Closed skeggse closed 10 years ago

skeggse commented 10 years ago

I've been trying to get discover running, and I think that some of my expectations about how discover works/should work are getting in the way of my understanding how it does work.

I'm also lamenting the lack of a clear end-to-end usage example.
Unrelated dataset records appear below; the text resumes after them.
(* Let $\mathbf{x}=(\mathbf{x}_1,\dots,\mathbf{x}_n)\in\mathbb{R}^{3n}$ be a ligand pose whose atom positions are not all collinear, and let $\boldsymbol{\theta}=(\theta_1,\dots,\theta_m)$ be fixed. For $t\in\mathbb{R}$ put $t\boldsymbol{\theta}=(t\theta_1,\dots,t\theta_m)$ and $\mathbf{x}(t):=A_{\mathrm{tor}}(t\boldsymbol{\theta},\mathbf{x})$, and assume $\mathbf{x}(0)=\mathbf{x}$ and that $t\mapsto\mathbf{x}(t)$ is differentiable at $t=0$ (with the aligning rotation and translation differentiable in $t$ at $t=0$). Then the linear and angular momentum of the motion vanish at $t=0$: $$\frac{d}{dt}\bar{\mathbf{x}}(t)\Big|_{t=0}=0\qquad\text{and}\qquad \sum_{i=1}^n(\mathbf{x}_i-\bar{\mathbf{x}})\times\frac{d}{dt}\mathbf{x}_i(t)\Big|_{t=0}=0,$$ where $\bar{\mathbf{x}}(t)=\frac1n\sum_i\mathbf{x}_i(t)$ and $\bar{\mathbf{x}}=\bar{\mathbf{x}}(0)$.
   Context: A ligand pose is $\mathbf{x}\in\mathbb{R}^{3n}$, with $\mathbf{x}_i\in\mathbb{R}^3$ the position of atom $i$. $\mathrm{RMSD}(\mathbf{x},\mathbf{x}')=\big(\frac1n\sum_i\|\mathbf{x}_i-\mathbf{x}'_i\|^2\big)^{1/2}$. For $g\in SE(3)$ (proper rigid motion) $g\mathbf{x}'$ applies $g$ to every atom. Define $\mathrm{RMSDAlign}(\mathbf{x},\mathbf{x}')=\operatorname{argmin}_{\mathbf{x}^\dagger\in\{g\mathbf{x}'\mid g\in SE(3)\}}\mathrm{RMSD}(\mathbf{x},\mathbf{x}^\dagger)$. The ligand has $m$ rotatable bonds $(a_k,b_k)$; for each $k$ and angle $\theta$, $B_{k,\theta}:\mathbb{R}^{3n}\to\mathbb{R}^{3n}$ is a torsion update by $\theta$ around bond $k$ (rotation of the atoms on one side of the bond about the bond axis by $\theta$), with $B_{k,0}$ the identity and $B_{k,\theta}$ smooth in $\theta$. The torsion operation is $A_{\mathrm{tor}}(\boldsymbol{\theta},\mathbf{x})=\mathrm{RMSDAlign}\big(\mathbf{x},(B_{1,\theta_1}\circ\cdots\circ B_{m,\theta_m})(\mathbf{x})\big)$ for $\boldsymbol{\theta}\in SO(2)^m$. *)

theory Defs
  imports "HOL-Analysis.Analysis"
begin

text \<open>A pose of a ligand with atoms indexed by the finite type 'n (so n = CARD('n))
  is a map from atoms to positions in R^3.\<close>

type_synonym 'n pose = "'n \<Rightarrow> real^3"

definition RMSD :: "('n::finite) pose \<Rightarrow> 'n pose \<Rightarrow> real" where
  "RMSD x x' = sqrt ((1 / real CARD('n)) * (\<Sum>i\<in>UNIV. (norm (x i - x' i))\<^sup>2))"

definition rigid_apply :: "real^3^3 \<Rightarrow> real^3 \<Rightarrow> ('n::finite) pose \<Rightarrow> 'n pose" where
  "rigid_apply R p x = (\<lambda>i. R *v x i + p)"

definition SE3_orbit :: "('n::finite) pose \<Rightarrow> 'n pose set" where
  "SE3_orbit x' = {rigid_apply R p x' | R p. rotation_matrix R}"

definition RMSDAlign :: "('n::finite) pose \<Rightarrow> 'n pose \<Rightarrow> 'n pose" where
  "RMSDAlign x x' = (SOME y. y \<in> SE3_orbit x' \<and> (\<forall>z\<in>SE3_orbit x'. RMSD x y \<le> RMSD x z))"

text \<open>Rotation of the point v by angle th about the line through c with direction d
  (Rodrigues' formula, with unit axis u = d / |d|).\<close>
definition axis_rot :: "real^3 \<Rightarrow> real^3 \<Rightarrow> real \<Rightarrow> real^3 \<Rightarrow> real^3" where
  "axis_rot c d th v =
     (let u = (1 / norm d) *\<^sub>R d; w = v - c in
      c + (cos th *\<^sub>R w + sin th *\<^sub>R (cross3 u w) + ((1 - cos th) * (u \<bullet> w)) *\<^sub>R u))"

text \<open>A rotatable bond is given as (a, b, S): bond atoms a, b and the set S of atoms on
  the side that is rotated. B_{k,th}: rotate the atoms of S about the bond axis x_a -> x_b.\<close>
definition torsion_update :: "('n \<times> 'n \<times> 'n set) \<Rightarrow> real \<Rightarrow> ('n::finite) pose \<Rightarrow> 'n pose" where
  "torsion_update bd th x =
     (case bd of (a, b, S) \<Rightarrow>
        (\<lambda>i. if i \<in> S then axis_rot (x b) (x b - x a) th (x i) else x i))"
var Discover = require('discover');
var Transport = require('discover-tcp-transport');
var crypto = require('crypto');

function arbiter(incumbent, candidate) {
  if (!incumbent || !incumbent.workerNodes)
    return candidate;

  if (!candidate || !candidate.workerNodes)
    return incumbent;

  var merged = {
    id: incumbent.id, // incumbent.id === candidate.id within an arbiter
    workerNodes: incumbent.workerNodes
  };

  for (var id in candidate.workerNodes) {
    var incumbentClock = incumbent.workerNodes[id].vectorClock;
    var candidateClock = candidate.workerNodes[id].vectorClock;
    if (candidateClock >= incumbentClock) {
      merged.workerNodes[id] = candidate.workerNodes[id];
    }
  }

  return merged;
}

function arbiterDefaults(contact) {
  if (!contact.data)
    contact.data = {};
  else if (!contact.data.workerNodes)
    contact.data.workerNodes = {};
  else {
    var workers = contact.data.workerNodes;
    for (var key in workers) {
      if (!workers[key].vectorClock) {
        workers[key].vectorClock = 0;
      }
    }
  }
  return contact;
}

var primary = process.argv[2] === 'primary';

var id = crypto.randomBytes(20).toString('base64');
console.log('worker', id);

var transport = new Transport({port: primary ? 9000 : 9001});

var options = {
  arbiter: arbiter,
  arbiterDefaults: arbiterDefaults,
  transport: transport
};

if (!primary) {
  options.seeds = [{
    id: new Buffer('hmmm'),
    transport: {
      host: '127.0.0.1',
      port: 9000
    }
  }];
}

var discover = new Discover(options);

transport.listen();

var workers = {};
workers[id] = {
  host: '127.0.0.1',
  port: primary ? 8000 : 8001
};

discover.register({
  id: new Buffer('UserService').toString('base64'),
  data: {
    workerNodes: workers
  }
});

if (!primary) {
  setTimeout(function() {
    discover.find(new Buffer('UserService').toString('base64'), function(err, contact) {
      if (err)
        return console.log('error', err.stack);
      console.log(require('util').inspect(contact, {depth: null, colors: true}));
    });
  }, 1000);
}
$ node discover-test primary &
worker 4oMG5JHBOIUELmSbR8X6tgzlq5o=
$ node discover-test secondary
worker yZ4NEadKOCpHfrt+ENnSSFL0vnY=
{ id: 'VXNlclNlcnZpY2U=',
  data: 
   { workerNodes: 
      { 'yZ4NEadKOCpHfrt+ENnSSFL0vnY=': 
         { host: '127.0.0.1',
           port: 8001,
           vectorClock: 0 } } },
  transport: { host: 'localhost', port: 9001 } }

I'm expecting the find to give me a merged object, and I'm expecting the arbiter to be called sometime, but that's not happening. What am I doing wrong?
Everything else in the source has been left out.